(What is being asked):
Filter these entries, keeping only lines that hold the word "open".

(Exercise material):
(* Let $f$ be $L$-smooth, bounded below by $f^*$, with unbiased stochastic gradients of variance at most $\sigma^2$ (see context). Consider Cycle SGD with $n$ workers and group size $s$ (see context) and its main branch $\{x^k\}_{k\ge0}$. With step size $\gamma=\min\{\frac{s}{4n^2L},\frac{\varepsilon}{4\sigma^2L}\}$ and $\Delta=f(x^0)-f^*$, we have $\frac1K\sum_{k=0}^{K-1}\mathbb{E}[\|\nabla f(x^k)\|^2]\le\varepsilon$ for all $K\ge\frac{8n^2L\Delta}{s\varepsilon}+\frac{8\sigma^2L\Delta}{\varepsilon^2}$.
   Context: Assumptions: $f:\mathbb{R}^d\to\mathbb{R}$ differentiable with $L$-Lipschitz gradient; $f\ge f^*$; stochastic gradients $\nabla f(x;\xi)$, $\xi\sim\mathcal{D}_\xi$, unbiased with variance at most $\sigma^2$. Cycle SGD: workers are partitioned into groups $G_1=\{1,\dots,s\},G_2=\{s+1,\dots,2s\},\dots,G_{\lceil n/s\rceil}=\{(\lceil n/s\rceil-1)s+1,\dots,n\}$. Initially every worker $i$ has $z^0_i=w^0$, $M_i=0$, and the server model is $w^0$, $r=0$. The method repeats forever: for $g=1,\dots,\lceil n/s\rceil$: every worker $i\in[n]$ performs one local step $z^{M_i+1}_i=z^{M_i}_i-\gamma\nabla f(z^{M_i}_i;\eta^{M_i}_i)$ with fresh i.i.d. $\eta^{M_i}_i\sim\mathcal{D}_\xi$ and increments $M_i$; then the server sets $w^{r+1}=w^r-\gamma\sum_{i\in G_g}\sum_{j=0}^{M_i-1}\nabla f(z^j_i;\eta^j_i)$, each worker $i\in G_g$ resets $z^0_i=w^{r+1}$, $M_i=0$, and $r\leftarrow r+1$. Main branch: $x^0=w^0$, and at each server update the gradients sent by the group are applied one at a time to the current head of the branch (workers of the group in increasing index, each worker's gradients in order $j=0,\dots,M_i-1$), so the head after the $r$-th update equals $w^r$. *)

theory Defs
  imports "HOL-Probability.Probability"
begin

text \<open>Workers are indexed 0-based: worker i (i < n) is worker i+1 of the paper.
  Group number (0-based) k consists of the workers i < n with i div s = k, i.e. paper group
  G_(k+1).\<close>

definition num_groups :: "nat \<Rightarrow> nat \<Rightarrow> nat" where
  "num_groups n s = nat \<lceil>real n / real s\<rceil>"

text \<open>Worker i belongs to the group that is served in inner iteration t (t = 0,1,2,...,
  the t-th server update overall; group index cycles t mod ceiling(n/s)).\<close>
definition in_group :: "nat \<Rightarrow> nat \<Rightarrow> nat \<Rightarrow> nat \<Rightarrow> bool" where
  "in_group n s t i \<longleftrightarrow> i < n \<and> i div s = t mod num_groups n s"

text \<open>State after t server updates (for a fixed realisation omega of the sample sequence):
  (per worker: current local iterate z^(M_i)_i and the list of stochastic gradients
   computed since its last reset, in order j = 0..M_i-1;
   the server model w^t;
   the list of all gradients applied to the main branch so far, in application order).
  In iteration t, worker i uses the sample omega (t * n + i); these indices are pairwise
  distinct, so under the product measure the samples are fresh i.i.d.\<close>
fun cyc_state :: "real \<Rightarrow> ('a::real_normed_vector \<Rightarrow> 'b \<Rightarrow> 'a) \<Rightarrow> nat \<Rightarrow> nat \<Rightarrow> 'a
    \<Rightarrow> (nat \<Rightarrow> 'b) \<Rightarrow> nat \<Rightarrow> (nat \<Rightarrow> 'a \<times> 'a list) \<times> 'a \<times> 'a list" where
  "cyc_state \<gamma> G n s w0 \<omega> 0 = ((\<lambda>i. (w0, [])), w0, [])"
| "cyc_state \<gamma> G n s w0 \<omega> (Suc t) =
     (let (Z, w, app) = cyc_state \<gamma> G n s w0 \<omega> t;
          Z1 = (\<lambda>i. let (z, gs) = Z i; g = G z (\<omega> (t * n + i))
                     in (z - \<gamma> *\<^sub>R g, gs @ [g]));
          sent = concat (map (\<lambda>i. snd (Z1 i)) (filter (in_group n s t) [0..<n]));
          w' = w - \<gamma> *\<^sub>R sum_list sent;
          Z2 = (\<lambda>i. if in_group n s t i then (w', []) else Z1 i)
      in (Z2, w', app @ sent))"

(Finished exercise):
text \<open>Workers are indexed 0-based: worker i (i < n) is worker i+1 of the paper.
text \<open>Worker i belongs to the group that is served in inner iteration t (t = 0,1,2,...,
text \<open>State after t server updates (for a fixed realisation omega of the sample sequence):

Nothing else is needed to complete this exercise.